Expressions in algebra are mathematical phrases that can include numbers, variables, and operators. Variables like \(x\) and \(y\) are placeholders that can represent different values. The core idea is to evaluate these expressions by using given values for these variables. In our exercise, the expression is \(\frac{50}{y} - \frac{14}{x}\). Here, \(x=7\) and \(y=5\) are values assigned to the variables. By replacing the variables in the expression with these respective numbers, we can simplify the expression into a numerical form and solve it easily.

Substitution is a method used in algebra to replace variable placeholders with actual numbers. When solving algebraic problems, this step is crucial to make the expression solvable. For example, in our exercise, the expression \(\frac{50}{y} - \frac{14}{x}\) becomes \(\frac{50}{5} - \frac{14}{7}\) after substitution.
This step essentially transforms a general expression into a specific numerical calculation. After this, the expression no longer contains any variables and can be simplified through arithmetic operations.

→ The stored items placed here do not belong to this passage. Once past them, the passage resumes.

(* Fix a mesh and let $D\in\mathbb R^{N\times N}$ be skew-symmetric ($D=-D^T$). Let $U_1,\dots,U_N\ge0$ be fixed and suppose there are indices $i\neq j$ with $U_i=0$, $U_j>0$ and $D_{ij}\neq0$. For $\varepsilon>0$ set $\mathbf u^\varepsilon=(U_k+\varepsilon)_{k=1}^N$. Let $J(\mathbf u)$ be the Jacobian of the flux-differencing residual $\mathcal R_i(\mathbf u)=-2\sum_jD_{ij}F^\star(u_i,u_j)$ with either the logarithmic flux or the geometric flux (coefficient $a\equiv1$), and $J_{\mathrm{sym}}=\tfrac12(J+J^T)$. Then $$\lambda_{\max}\big(J_{\mathrm{sym}}(\mathbf u^\varepsilon)\big)\to\infty\qquad\text{as }\varepsilon\to0^+ .$$
   Context: Logarithmic flux $F^\star(u,v)=(v-u)/(\log v-\log u)$ (value $u$ if $u=v$); geometric flux $F^\star(u,v)=\sqrt{uv}$. The Jacobian is $J_{ik}=-2D_{ik}\partial_2F^\star(u_i,u_k)-2\delta_{ik}\sum_jD_{ij}\partial_1F^\star(u_i,u_j)$. Explicitly, for the logarithmic flux, $(J_{\mathrm{sym}})_{ij}=-D_{ij}\frac{2\log(u_j/u_i)+u_i/u_j-u_j/u_i}{\log^2(u_j/u_i)}$ for $i\ne j$ and $(J_{\mathrm{sym}})_{ii}=-2\sum_{k\ne i}D_{ik}\frac{u_k/u_i-\log(u_k/u_i)-1}{\log^2(u_k/u_i)}$; for the geometric flux, $(J_{\mathrm{sym}})_{ij}=\tfrac12D_{ij}\frac{u_j-u_i}{\sqrt{u_iu_j}}$ for $i\ne j$ and $(J_{\mathrm{sym}})_{ii}=-\sum_{k\ne i}D_{ik}\sqrt{u_k/u_i}$ (terms with $u_k=u_i$ interpreted by continuity). $\lambda_{\max}$ denotes the largest eigenvalue of a symmetric matrix. *)

theory Defs
  imports Complex_Main "Jordan_Normal_Form.Char_Poly"
begin

definition log_flux :: "real \<Rightarrow> real \<Rightarrow> real" where
  "log_flux u v = (if u = v then u else (v - u) / (ln v - ln u))"

definition geo_flux :: "real \<Rightarrow> real \<Rightarrow> real" where
  "geo_flux u v = sqrt (u * v)"

definition residual :: "(real \<Rightarrow> real \<Rightarrow> real) \<Rightarrow> nat \<Rightarrow> real mat \<Rightarrow> (nat \<Rightarrow> real) \<Rightarrow> nat \<Rightarrow> real" where
  "residual F N D u i = -2 * (\<Sum>j<N. D $$ (i, j) * F (u i) (u j))"

text \<open>Jacobian entry J_ik(u) = partial derivative of R_i with respect to u_k
  (same as the library deriv, which unfolds to this SOME-term).\<close>
definition jac :: "(real \<Rightarrow> real \<Rightarrow> real) \<Rightarrow> nat \<Rightarrow> real mat \<Rightarrow> (nat \<Rightarrow> real) \<Rightarrow> nat \<Rightarrow> nat \<Rightarrow> real" where
  "jac F N D u i k = (SOME d. ((\<lambda>t. residual F N D (u(k := t)) i) has_real_derivative d) (at (u k)))"

definition jac_sym :: "(real \<Rightarrow> real \<Rightarrow> real) \<Rightarrow> nat \<Rightarrow> real mat \<Rightarrow> (nat \<Rightarrow> real) \<Rightarrow> real mat" where
  "jac_sym F N D u = mat N N (\<lambda>(i, k). (jac F N D u i k + jac F N D u k i) / 2)"

definition lambda_max :: "real mat \<Rightarrow> real" where
  "lambda_max A = Max {k. eigenvalue A k}"

end

theory Submission
  imports Defs "HOL-Analysis.Analysis" "HOL-Real_Asymp.Real_Asymp"
begin

text \<open>The largest eigenvalue of a symmetric matrix dominates every Rayleigh quotient, because the
  maximum of the quadratic form on the unit sphere is an eigenvalue. Test the symmetric Jacobian at
  \<open>U + \<epsilon>\<close> with \<open>x = s e\<^sub>i + e\<^sub>j\<close>. With \<open>\<partial>\<^sub>1F\<close> the slope of the flux in its first argument,
  the diagonal entry at the vanishing state \<open>i\<close> is only \<open>-O(w \<epsilon>)\<close>, where \<open>w \<epsilon>\<close> bounds
  \<open>\<partial>\<^sub>1F(\<epsilon>, \<cdot>)\<close>, the entry at the positive state \<open>j\<close> stays bounded, and the off-diagonal entry is
  \<open>c = D\<^sub>i\<^sub>j (\<partial>\<^sub>1F(\<epsilon>, U\<^sub>j + \<epsilon>) - \<partial>\<^sub>1F(U\<^sub>j + \<epsilon>, \<epsilon>))\<close>. Taking \<open>s\<close> proportional to \<open>c / w \<epsilon>\<close>
  gives \<open>\<lambda>\<^sub>m\<^sub>a\<^sub>x \<ge> const \<cdot> c\<^sup>2 / w \<epsilon> - const\<close>, and \<open>c\<^sup>2 / w \<epsilon> \<rightarrow> \<infinity>\<close>: for the logarithmic flux
  \<open>w \<epsilon> = 1 / \<epsilon>\<close> and \<open>c \<sim> const / (\<epsilon> ln\<^sup>2 \<epsilon>)\<close>, for the geometric flux \<open>w \<epsilon> = 1 / \<surd>\<epsilon>\<close> and
  \<open>c \<sim> const / \<surd>\<epsilon>\<close>.\<close>

section \<open>Rayleigh quotients of symmetric matrices\<close>

definition bilin_form :: "real mat \<Rightarrow> nat \<Rightarrow> (nat \<Rightarrow> real) \<Rightarrow> (nat \<Rightarrow> real) \<Rightarrow> real" where
  "bilin_form A n x y = (\<Sum>a<n. \<Sum>b<n. A $$ (a, b) * x a * y b)"
lemma index_mult_mat_of_cols:
  assumes "A \<in> carrier_mat n d" "i < n" "j < length cs" "set cs \<subseteq> carrier_vec d"
  shows "(A * mat_of_cols d cs) $$ (i,j) = row A i \<bullet> cs ! j"
proof -
  have "cs ! j \<in> carrier_vec d"
    using assms(3,4) nth_mem by blast
  then show ?thesis
    using assms(1-3) by simp
qed

lemma index_mult_mat_of_rows:
  assumes "A \<in> carrier_mat n (length rs)" "i < n" "j < d"
  shows "(A * mat_of_rows d rs) $$ (i,j) = (\<Sum>r<length rs. A $$ (i,r) * rs ! r $ j)"
  using assms by (auto simp: scalar_prod_def mat_of_rows_def lessThan_atLeast0 intro!: sum.cong)

lemma row_scalar_prod_unit_diff:
  fixes A :: "'a :: ring_1 mat"
  assumes "A \<in> carrier_mat n d" "i < n" "a < d" "b < d"
  shows "row A i \<bullet> (unit_vec d a - unit_vec d b) = A $$ (i,a) - A $$ (i,b)"
  using assms by (simp add: scalar_prod_minus_distrib[of _ d])

lemma index_rank_one_scores:
  fixes X :: "real mat"
  assumes X: "X \<in> carrier_mat n d" and qu: "q \<in> carrier_vec d" "u \<in> carrier_vec d"
    and ik: "i < n" "k < n"
  shows "(X * mat_of_cols d [q, 0\<^sub>v d] * transpose_mat (mat_of_cols d [u, 0\<^sub>v d]) * transpose_mat X) $$ (i,k)
    = (row X i \<bullet> q) * (row X k \<bullet> u)"
proof -
  let ?Q = "mat_of_cols d [q, 0\<^sub>v d]" and ?U = "mat_of_cols d [u, 0\<^sub>v d]"
  have "X * ?Q * transpose_mat ?U * transpose_mat X = (X * ?Q) * (transpose_mat ?U * transpose_mat X)"
    by (rule assoc_mult_mat) (use X in auto)
  also have "transpose_mat ?U * transpose_mat X = transpose_mat (X * ?U)"
    by (rule transpose_mult[symmetric]) (use X in auto)
  finally have "(X * ?Q * transpose_mat ?U * transpose_mat X) $$ (i,k) = row (X * ?Q) i \<bullet> row (X * ?U) k"
    using X ik by simp
  also have "\<dots> = (row X i \<bullet> q) * (row X k \<bullet> u)"
  proof -
    have "row (X * mat_of_cols d [v, 0\<^sub>v d]) j = vec 2 (\<lambda>c. if c = 0 then row X j \<bullet> v else 0)"
      if "v \<in> carrier_vec d" "j < n" for v j
      using that X by (intro eq_vecI) (auto simp: less_2_cases_iff)
    then show ?thesis
      using qu ik by (simp add: scalar_prod_def numeral_2_eq_2)
  qed
  finally show ?thesis .
qed

definition compare_head :: "nat \<Rightarrow> nat \<Rightarrow> nat \<Rightarrow> nat \<Rightarrow> nat \<Rightarrow> nat \<Rightarrow> real mat \<times> real mat \<times> real mat" where
  "compare_head d C D gl lo s =
    (mat_of_cols d [unit_vec d D - unit_vec d C, 0\<^sub>v d],
     mat_of_cols d [unit_vec d gl - unit_vec d lo, 0\<^sub>v d],
     mat d d (\<lambda>(l,j). if l = gl \<and> j = s then 1 else 0))"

Simplification is the process of breaking down expressions into simpler or more manageable forms. In the context of our problem, once the values of \(x\) and \(y\) have been substituted into the expression, each fraction can be simplified separately.

• The part \(\frac{50}{5}\) simplifies to 10 because 50 divided by 5 is 10.
• The part \(\frac{14}{7}\) simplifies to 2 because 14 divided by 7 is 2.

After these simplifications, the expression \(\frac{50}{5} - \frac{14}{7}\) reduces to \(10 - 2\). The simplification makes the expression easier and more straightforward to solve.

Fractions involve a numerator and a denominator, and fraction operations are all about performing arithmetic operations such as addition, subtraction, multiplication, and division on these fractions. In our exercise, we deal with the subtraction of two fractions post-simplification.

• First, each fraction is simplified: \(\frac{50}{5}\) as 10, and \(\frac{14}{7}\) as 2.
• Then, the operation of subtraction is performed: 10 - 2.

Understanding how to effectively manage fraction operations is crucial. It allows one to handle more complex expressions with ease by breaking them down into simple arithmetic operations like those completed in this exercise.